[[ DATA IN THIS EXERCISE, beginning ]]

lemma rough_germ_defect_bound:
  fixes \<kappa> :: real
  assumes \<kappa>: "0 < \<kappa>" "\<kappa> < 1/2" and rp: "rough_path X XX"
    and hX: "hfin (1/2 - \<kappa>) X" and hXX: "hfin2 (1 - 2*\<kappa>) XX"
    and hY': "hfin (3*\<kappa>) Y'" "supfin Y'" and hR: "hfin2 (1/2 + 2*\<kappa>) (remainder Y Y' X)"
    and F: "\<And>x. lo \<le> x \<Longrightarrow> x \<le> hi \<Longrightarrow> \<bar>F x\<bar> \<le> MF"
    and F_lip: "\<And>u v. lo \<le> u \<Longrightarrow> u \<le> v \<Longrightarrow> v \<le> hi \<Longrightarrow> \<bar>F v - F u\<bar> \<le> LF * (v - u)" "0 \<le> LF"
    and Y: "\<And>x. lo \<le> x \<Longrightarrow> x \<le> hi \<Longrightarrow> \<bar>Y x\<bar> \<le> MY"
    and abd: "0 \<le> lo" "hi \<le> 2*pi" "lo \<le> a" "a \<le> b" "b \<le> d" "d \<le> hi" "d < a + 2*pi"
  shows "\<bar>rough_germ (\<lambda>x. F x * Y x) (\<lambda>x. F x * Y' x) X XX a d
          - rough_germ (\<lambda>x. F x * Y x) (\<lambda>x. F x * Y' x) X XX a b
          - rough_germ (\<lambda>x. F x * Y x) (\<lambda>x. F x * Y' x) X XX b d\<bar>
    \<le> MF * (hnorm2 (1/2 + 2*\<kappa>) (remainder Y Y' X) * hnorm (1/2 - \<kappa>) X
            + hnorm (3*\<kappa>) Y' * hnorm2 (1 - 2*\<kappa>) XX) * (d - a) powr (1 + \<kappa>)
      + LF * MY * hnorm (1/2 - \<kappa>) X * (d - a) powr (3/2 - \<kappa>)
      + LF * supnorm Y' * hnorm2 (1 - 2*\<kappa>) XX * (d - a) powr (2 - 2*\<kappa>)"
    (is "\<bar>?\<delta>\<bar> \<le> ?R")
proof -
  define hr where "hr = hnorm2 (1/2 + 2*\<kappa>) (remainder Y Y' X)"
  define hx where "hx = hnorm (1/2 - \<kappa>) X"
  define hy' where "hy' = hnorm (3*\<kappa>) Y'"
  define hxx where "hxx = hnorm2 (1 - 2*\<kappa>) XX"
  define sy' where "sy' = supnorm Y'"
  define l where "l = d - a"
  have nonneg: "0 \<le> hr" "0 \<le> hx" "0 \<le> hy'" "0 \<le> hxx" "0 \<le> sy'" "0 \<le> MF" "0 \<le> MY" "0 \<le> l"
    using hnorm2_nonneg[OF hR] hnorm_nonneg[OF hX] hnorm_nonneg[OF hY'(1)] hnorm2_nonneg[OF hXX]
      supnorm_nonneg[OF hY'(2)] F[of a] Y[of a] abd
    by (auto simp: hr_def hx_def hy'_def hxx_def sy'_def l_def)
  show ?thesis
  proof (cases "a < b \<and> b < d")
    case False
    then have "?\<delta> = 0" using abd by (auto simp: rough_germ_def)
    moreover have "0 \<le> ?R" using nonneg F_lip(2) unfolding l_def
      by (simp add: hr_def hx_def hy'_def hxx_def sy'_def)
    ultimately show ?thesis by simp
  next
    case True
    then have ab: "a < b" and bd: "b < d" by auto
    have ranges: "0 \<le> a" "a < 2*pi" "b < a + 2*pi" "0 \<le> b" "b < 2*pi" "d < b + 2*pi" "b - a \<le> l" "d - b \<le> l"
      using abd ab bd by (auto simp: l_def)
    have R_ab: "\<bar>remainder Y Y' X a b\<bar> \<le> hr * l powr (1/2 + 2*\<kappa>)"
      unfolding hr_def using \<kappa> ranges ab by (intro abs_le_hnorm2_powr[OF hR]) auto
    have X_bd: "\<bar>incr X b d\<bar> \<le> hx * l powr (1/2 - \<kappa>)"
      unfolding hx_def hnorm_def using \<kappa> ranges bd hX unfolding hfin_def
      by (intro abs_le_hnorm2_powr) auto
    have Y'_ab: "\<bar>incr Y' a b\<bar> \<le> hy' * l powr (3*\<kappa>)"
      unfolding hy'_def hnorm_def using \<kappa> ranges ab hY'(1) unfolding hfin_def
      by (intro abs_le_hnorm2_powr) auto
    have XX_bd: "\<bar>XX b d\<bar> \<le> hxx * l powr (1 - 2*\<kappa>)"
      unfolding hxx_def using \<kappa> ranges bd by (intro abs_le_hnorm2_powr[OF hXX]) auto
    have Y'_b: "\<bar>Y' b\<bar> \<le> sy'" unfolding sy'_def using ranges by (intro abs_le_supnorm[OF hY'(2)])
    have F_a: "\<bar>F a\<bar> \<le> MF" and F_ba: "\<bar>F b - F a\<bar> \<le> LF * l" and Y_b: "\<bar>Y b\<bar> \<le> MY"
      using F[of a] F_lip(1)[of a b] mult_left_mono[OF ranges(7) F_lip(2)] Y[of b] abd ab bd by auto
    have "\<bar>?\<delta>\<bar> \<le> \<bar>F a * remainder Y Y' X a b * incr X b d\<bar> + \<bar>(F b - F a) * Y b * incr X b d\<bar>
        + \<bar>F a * incr Y' a b * XX b d\<bar> + \<bar>(F b - F a) * Y' b * XX b d\<bar>"
      unfolding rough_germ_defect_eq[OF rp ranges(1) ab bd ranges(5) abd(7)] by linarith
    also have "\<dots> \<le> MF * (hr * l powr (1/2 + 2*\<kappa>)) * (hx * l powr (1/2 - \<kappa>))
        + LF * l * MY * (hx * l powr (1/2 - \<kappa>))
        + MF * (hy' * l powr (3*\<kappa>)) * (hxx * l powr (1 - 2*\<kappa>))
        + LF * l * sy' * (hxx * l powr (1 - 2*\<kappa>))"
      using abs_mult3_le[OF F_a R_ab X_bd] abs_mult3_le[OF F_ba Y_b X_bd]
        abs_mult3_le[OF F_a Y'_ab XX_bd] abs_mult3_le[OF F_ba Y'_b XX_bd] by linarith
    also have "\<dots> = ?R"
    proof -
      have "l powr (1/2 + 2*\<kappa>) * l powr (1/2 - \<kappa>) = l powr (1 + \<kappa>)"
        "l powr (3*\<kappa>) * l powr (1 - 2*\<kappa>) = l powr (1 + \<kappa>)"
        by (simp_all add: powr_add[symmetric] algebra_simps)
      moreover have "l * l powr (1/2 - \<kappa>) = l powr (3/2 - \<kappa>)" "l * l powr (1 - 2*\<kappa>) = l powr (2 - 2*\<kappa>)"
        using powr_mult_base[OF nonneg(8)] by simp_all
      ultimately show ?thesis
        unfolding hr_def[symmetric] hx_def[symmetric] hy'_def[symmetric] hxx_def[symmetric]
          sy'_def[symmetric] l_def[symmetric]
        by (simp add: algebra_simps)
    qed
    finally show ?thesis .
  qed
qed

[[ DATA IN THIS EXERCISE, end ]]

▶ **AIM OF THE EXERCISE**:
Up to and including the line with "(auto simp: rough_germ_def)", reproduce the material above exactly as it appears, starting from its first line.

▶ **WRITTEN ANSWER**:
lemma rough_germ_defect_bound:
  fixes \<kappa> :: real
  assumes \<kappa>: "0 < \<kappa>" "\<kappa> < 1/2" and rp: "rough_path X XX"
    and hX: "hfin (1/2 - \<kappa>) X" and hXX: "hfin2 (1 - 2*\<kappa>) XX"
    and hY': "hfin (3*\<kappa>) Y'" "supfin Y'" and hR: "hfin2 (1/2 + 2*\<kappa>) (remainder Y Y' X)"
    and F: "\<And>x. lo \<le> x \<Longrightarrow> x \<le> hi \<Longrightarrow> \<bar>F x\<bar> \<le> MF"
    and F_lip: "\<And>u v. lo \<le> u \<Longrightarrow> u \<le> v \<Longrightarrow> v \<le> hi \<Longrightarrow> \<bar>F v - F u\<bar> \<le> LF * (v - u)" "0 \<le> LF"
    and Y: "\<And>x. lo \<le> x \<Longrightarrow> x \<le> hi \<Longrightarrow> \<bar>Y x\<bar> \<le> MY"
    and abd: "0 \<le> lo" "hi \<le> 2*pi" "lo \<le> a" "a \<le> b" "b \<le> d" "d \<le> hi" "d < a + 2*pi"
  shows "\<bar>rough_germ (\<lambda>x. F x * Y x) (\<lambda>x. F x * Y' x) X XX a d
          - rough_germ (\<lambda>x. F x * Y x) (\<lambda>x. F x * Y' x) X XX a b
          - rough_germ (\<lambda>x. F x * Y x) (\<lambda>x. F x * Y' x) X XX b d\<bar>
    \<le> MF * (hnorm2 (1/2 + 2*\<kappa>) (remainder Y Y' X) * hnorm (1/2 - \<kappa>) X
            + hnorm (3*\<kappa>) Y' * hnorm2 (1 - 2*\<kappa>) XX) * (d - a) powr (1 + \<kappa>)
      + LF * MY * hnorm (1/2 - \<kappa>) X * (d - a) powr (3/2 - \<kappa>)
      + LF * supnorm Y' * hnorm2 (1 - 2*\<kappa>) XX * (d - a) powr (2 - 2*\<kappa>)"
    (is "\<bar>?\<delta>\<bar> \<le> ?R")
proof -
  define hr where "hr = hnorm2 (1/2 + 2*\<kappa>) (remainder Y Y' X)"
  define hx where "hx = hnorm (1/2 - \<kappa>) X"
  define hy' where "hy' = hnorm (3*\<kappa>) Y'"
  define hxx where "hxx = hnorm2 (1 - 2*\<kappa>) XX"
  define sy' where "sy' = supnorm Y'"
  define l where "l = d - a"
  have nonneg: "0 \<le> hr" "0 \<le> hx" "0 \<le> hy'" "0 \<le> hxx" "0 \<le> sy'" "0 \<le> MF" "0 \<le> MY" "0 \<le> l"
    using hnorm2_nonneg[OF hR] hnorm_nonneg[OF hX] hnorm_nonneg[OF hY'(1)] hnorm2_nonneg[OF hXX]
      supnorm_nonneg[OF hY'(2)] F[of a] Y[of a] abd
    by (auto simp: hr_def hx_def hy'_def hxx_def sy'_def l_def)
  show ?thesis
  proof (cases "a < b \<and> b < d")
    case False
    then have "?\<delta> = 0" using abd by (auto simp: rough_germ_def)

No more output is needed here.